Belite Bio Q1 2024 Financial Results and Corporate Update

28 June 2024
Belite Bio, Inc., a biopharmaceutical drug development company, has released its financial results for Q1 2024 and provided a business update. The company is focused on creating therapies for retinal degenerative diseases, particularly Stargardt Disease (STGD1) and Geographic Atrophy (GA).

Tinlarebant, Belite Bio's flagship product, is an oral medication designed to slow disease progression in STGD1 and GA patients. STGD1 is linked to toxic vitamin A byproducts that lead to retinal cell death. Tinlarebant works by reducing these byproducts without affecting vitamin A delivery to other bodily tissues.

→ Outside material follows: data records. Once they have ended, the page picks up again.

lemma partial_d_commute:
  fixes f :: "real^'m::finite \<Rightarrow> real"
  assumes S: "open S" "x \<in> S" and fd: "\<And>y. y \<in> S \<Longrightarrow> f differentiable (at y)"
    and gi: "partial_d i f differentiable (at x)" and gj: "partial_d j f differentiable (at x)"
  shows "partial_d j (partial_d i f) x = partial_d i (partial_d j f) x"
proof -
  define A where "A = partial_d j (partial_d i f) x"
  define B where "B = partial_d i (partial_d j f) x"
  have est: "\<bar>A - B\<bar> \<le> 6 * e" if e: "e > 0" for e
  proof -
    obtain d1 where d1: "d1 > 0"
      "\<And>h. 0 < h \<Longrightarrow> h < d1 \<Longrightarrow> \<bar>second_difference f x i j h - h\<^sup>2 * A\<bar> \<le> 3 * e * h\<^sup>2"
      using second_difference_approx[OF S fd gi e, of j] unfolding A_def by blast
    obtain d2 where d2: "d2 > 0"
      "\<And>h. 0 < h \<Longrightarrow> h < d2 \<Longrightarrow> \<bar>second_difference f x j i h - h\<^sup>2 * B\<bar> \<le> 3 * e * h\<^sup>2"
      using second_difference_approx[OF S fd gj e, of i] unfolding B_def by blast
    define h where "h = min d1 d2 / 2"
    have h: "0 < h" "h < d1" "h < d2" using d1 d2 unfolding h_def by auto
    have "\<bar>h\<^sup>2 * A - h\<^sup>2 * B\<bar> \<le> 6 * e * h\<^sup>2"
      using d1(2)[OF h(1,2)] d2(2)[OF h(1,3)] second_difference_commute[of f x i j h]
      by (simp add: abs_le_iff)
    then have "h\<^sup>2 * \<bar>A - B\<bar> \<le> h\<^sup>2 * (6 * e)"
      by (simp add: abs_mult left_diff_distrib[symmetric] mult_ac)
    then show ?thesis using h by simp
  qed
  have "\<bar>A - B\<bar> \<le> 0 + e" if "e > 0" for e using est[of "e / 6"] that by simp
  then have "\<bar>A - B\<bar> \<le> 0" by (rule field_le_epsilon)
  then show ?thesis unfolding A_def B_def by simp
qed
(* Let $n\ge2$ and $w\in\widetilde{\mathfrak S}_n$. A total order $\rho$ of $\mathrm{Inv}_2(w)$ is a reflection order of $w$ if and only if both of the following hold: (i) for each $[x,y,z]\in\binom{\mathbb Z}{3}_n$, the restriction of $\rho$ to $P([x,y,z])\cap\mathrm{Inv}_2(w)$ is either a prefix of $P([x,y,z])$ listed in lex order, or a suffix of $P([x,y,z])$ listed in antilex order; (ii) for each pair $[x,y],[x,y+n]\in\mathrm{Inv}_2(w)$, the element $[x,y]$ appears before $[x,y+n]$ in $\rho$.
   Context: The affine symmetric group $\widetilde{\mathfrak S}_n$ consists of bijections $w:\mathbb Z\to\mathbb Z$ with $w(x+n)=w(x)+n$ and $\sum_{i=1}^n w(i)=\binom{n+1}{2}$, under composition; $s_i$ ($i\in\mathbb Z/n\mathbb Z$) swaps $j,j+1$ for all $j\equiv i\pmod n$ and fixes other integers; a reduced word for $w$ is a shortest sequence $i_1\cdots i_\ell$ with $s_{i_1}\cdots s_{i_\ell}=w$. The reflection order of a reduced word $i_1\cdots i_\ell$ is $(\rho_1,\dots,\rho_\ell)$ with $\rho_j=(w^{(j)}(i_j),w^{(j)}(i_j+1))$, $w^{(j)}=s_{i_1}\cdots s_{i_{j-1}}$; reflection orders of $w$ are those of its reduced words, viewed as total orders of $\mathrm{Inv}_2(w)$ by identifying $(a,b)$ with $[a,b]$. $\binom{\mathbb Z}{m}_n$ is the set of $m$-subsets of $\mathbb Z$ with pairwise distinct residues mod $n$, modulo simultaneous translation by multiples of $n$ (for $m>1$), each written $[x_1,\dots,x_m]$ with $x_1<\dots<x_m$. For $X=[x_1,\dots,x_m]$, $X_i$ is $X$ with $x_i$ removed; $P(X)=\{X_1,\dots,X_m\}$, lex order $(X_m,\dots,X_1)$, antilex order $(X_1,\dots,X_m)$; a prefix is a set $\{X_m,\dots,X_i\}$, a suffix a set $\{X_i,\dots,X_1\}$ (empty set counts as both). $\mathrm{Inv}_2(w)=\{[x,y]\in\binom{\mathbb Z}{2}_n: w^{-1}(x)>w^{-1}(y)\}$. *)

theory Defs
  imports Main
begin

definition affine_perm :: "nat \<Rightarrow> (int \<Rightarrow> int) \<Rightarrow> bool" where
  "affine_perm n w \<longleftrightarrow> bij w \<and> (\<forall>x. w (x + int n) = w x + int n)
     \<and> (\<Sum>i = 1..int n. w i) = int n * (int n + 1) div 2"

The company conducted a 24-month Phase 2 trial involving adolescent STGD1 subjects. Results indicated that Tinlarebant significantly slowed atrophic lesion growth compared to a control group with similar characteristics (p<0.001). In subjects with pathogenic ABCA4 mutations, no new atrophic lesions formed, and no change in existing lesions was observed. A novel quantification method showed that Tinlarebant halted the growth of atrophic lesions within the macula during the trial's second year. Visual acuity remained stable for most subjects, with a mean loss of five letters over 24 months, which is not clinically significant. Additional analyses of visual acuity loss and other data further support Tinlarebant's potential efficacy.

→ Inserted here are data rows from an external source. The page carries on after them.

lemma octahedral_insertion_point:
  assumes "octahedral W G" "c \<in> W" "x \<notin> W"
  shows "\<exists>p q. G p q \<and> p \<noteq> c \<and> q \<noteq> c \<and> has_book (insert_on_edge x p q c G)"
proof -
  have W: "finite W" "card W = 6" using assms(1) unfolding octahedral_def by auto
  have adj: "G s t \<longleftrightarrow> s \<noteq> t \<and> t \<noteq> antipode W G s" if "s \<in> W" "t \<in> W" for s t
    using octahedral_adj_iff[OF assms(1) that] .
  let ?c' = "antipode W G c"
  have c': "?c' \<in> W" "?c' \<noteq> c" using octahedral_antipode(1,2)[OF assms(1,2)] by auto
  have "{c, ?c'} \<subseteq> W" "card {c, ?c'} \<le> 4" using assms(2) c' by auto
  then obtain p where "p \<in> W - {c, ?c'}" using exists_two_outside[OF W] by meson
  hence p: "p \<in> W" "p \<noteq> c" "p \<noteq> ?c'" by auto
  let ?p' = "antipode W G p"
  have "G c p" using adj[OF assms(2) p(1)] p by simp
  have "?p' \<noteq> ?c'" using antipode_eq_iff[OF assms(1) p(1) assms(2)] p(2) by simp
  hence "G p ?c'" using adj[OF p(1) c'(1)] p by simp
  have "{c, ?c', p, ?p'} \<subseteq> W" using assms(2) c'(1) p(1) octahedral_antipode(1)[OF assms(1) p(1)] by auto
  then obtain r1 r2 where r: "r1 \<in> W - {c, ?c', p, ?p'}" "r2 \<in> W - {c, ?c', p, ?p'}" "r1 \<noteq> r2"
    using exists_two_outside[OF W _ card4_le] by meson
  have "G c r1" "G c r2" "G p r1" "G p r2" using adj r assms(2) p(1) by auto
  moreover have "r1 \<in> W" "r2 \<in> W" "r1 \<noteq> c" "r2 \<noteq> c" "r1 \<noteq> p" "r2 \<noteq> p" "r1 \<noteq> ?c'" "r2 \<noteq> ?c'"
    using r by auto
  moreover have "x \<noteq> c" "x \<noteq> p" "x \<noteq> r1" "x \<noteq> r2" using assms(2,3) p(1) r by auto
  ultimately have "book_at (insert_on_edge x p ?c' c G) c p r1 r2 x"
    unfolding book_at_def insert_on_edge_iff using \<open>G c p\<close> p c' r(3) by auto
  hence "has_book (insert_on_edge x p ?c' c G)" by (rule has_bookI)
  thus ?thesis using \<open>G p ?c'\<close> p(2) c'(2) by blast
qed

lemma octahedral_book_after_switch:
  assumes "octahedral W G" "y \<in> W" "p \<in> W" "p \<noteq> y" "p \<noteq> antipode W G y"
  shows "has_book (add_edge y (antipode W G y) (del_edge p (antipode W G y) G))"
proof -
  let ?y' = "antipode W G y" and ?p' = "antipode W G p"
  have W: "finite W" "card W = 6" using assms(1) unfolding octahedral_def by auto
  have adjI: "G s t" if "s \<in> W" "t \<in> W" "s \<noteq> t" "t \<noteq> antipode W G s" for s t
    using octahedral_adj_iff[OF assms(1) that(1,2)] that(3,4) by simp
  have in_W: "?y' \<in> W" "?p' \<in> W" using octahedral_antipode(1)[OF assms(1)] assms(2,3) by auto
  have "?y' \<noteq> y" "?p' \<noteq> p" using octahedral_antipode(2)[OF assms(1)] assms(2,3) by auto
  moreover have "?p' \<noteq> y" using antipode_antipode[OF assms(1,3)] assms(5) by metis
  moreover have "?p' \<noteq> ?y'" using antipode_eq_iff[OF assms(1,3,2)] assms(4) by simp
  moreover obtain r where r: "r \<in> W" "r \<noteq> y" "r \<noteq> ?y'" "r \<noteq> p" "r \<noteq> ?p'"
    using exists_two_outside[OF W _ card4_le, of y ?y' p ?p'] assms(2,3) in_W by auto
  moreover have "antipode W G r \<noteq> ?y'" "antipode W G r \<noteq> p" "antipode W G r \<noteq> ?p'"
    using r antipode_eq_iff[OF assms(1)] antipode_antipode[OF assms(1)] assms(2,3) by metis+
  hence "G r ?y'" "G r p" "G r ?p'" using adjI r in_W assms(3) by auto
  ultimately have "book_at (add_edge y ?y' (del_edge p ?y' G)) y r ?y' p ?p'"
    unfolding book_at_def add_edge_def del_edge_def using adjI assms(2-5) in_W by auto
  thus ?thesis by (rule has_bookI)
qed

section \<open>Reductions\<close>

lemma potentially_book_if_del_vertex:
  assumes "finite V" "graph_on V E" "x \<in> V" "potentially_book (V - {x}) (del_vertex x E)"
  shows "potentially_book V E"
proof -
  define W where "W = V - {x}"
  define T where "T = {y \<in> W. E x y}"
  have W: "finite W" "x \<notin> W" "V = insert x W" "T \<subseteq> W" using assms(1,3) by (auto simp: W_def T_def)
  obtain F where F: "graph_on W F" "\<forall>y\<in>W. deg W F y = deg W (del_vertex x E) y" "has_book F"
    using assms(4) unfolding potentially_book_def W_def by blast
  have "deg V (add_vertex x T F) y = deg V E y" if "y \<in> V" for y
  proof (cases "y = x")
    case True
    have "{z \<in> V. E x z} = T" using graph_on_irrefl[OF assms(2), of x] by (auto simp: T_def W_def)
    thus ?thesis using True deg_add_vertex_new[OF F(1) W(2,4)] W(3) by (simp add: deg_def)
  next
    case False
    hence "y \<in> W" using that by (simp add: W_def)
    moreover have "y \<in> T \<longleftrightarrow> E y x" using \<open>y \<in> W\<close> graph_on_sym[OF assms(2)] by (auto simp: T_def)
    moreover have "deg W (del_vertex x E) y = deg V E y - (if E y x then 1 else 0)"
      using deg_del_vertex[OF assms(2) False] by (simp add: W_def)
    ultimately show ?thesis
      using deg_add_vertex[OF F(1) W(2,4,1)] F(2) deg_pos[OF assms(1,2), of y x] W(3) by auto
  qed
  moreover have "graph_on V (add_vertex x T F)" using graph_on_add_vertex[OF F(1) W(2,4)] W(3) by simp
  moreover have "has_book (add_vertex x T F)"
    using F(3) book_at_add_vertex has_bookI unfolding has_book_def by metis
  ultimately show ?thesis unfolding potentially_book_def by blast
qed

The ongoing DRAGON trial, a Phase 3 study of Tinlarebant in adolescent STGD1 subjects, has completed enrollment with 104 participants across 11 countries. This trial aims to assess the primary endpoint of atrophic lesion growth rate, with interim data expected in the fourth quarter of 2024.

Belite Bio has also initiated the DRAGON II trial, which combines a Phase 1b open-label trial to study Tinlarebant's pharmacokinetics and pharmacodynamics in Japanese adolescent STGD1 subjects, and a Phase 2/3 trial in a similar population. The trial aims to enroll approximately 60 subjects, including around 10 Japanese participants. The data from this trial will help facilitate future New Drug Applications (NDAs) in Japan.

The PHOENIX trial, a global Phase 3 study of Tinlarebant in GA subjects, is also progressing. This trial involves around 430 participants and aims to evaluate the slowing of atrophic lesion growth rate. As of now, 99 subjects have been enrolled, with interim data expected at the trial's midpoint.

Financially, Belite Bio raised $12.5 million in Q1 2024 from the exercise of warrants issued in previous offerings. Additionally, in April 2024, the company announced a $25 million registered direct offering, selling up to 651,380 American Depositary Shares (ADSs) at $38.38 per ADS. These funds will support ongoing clinical trials and other initiatives.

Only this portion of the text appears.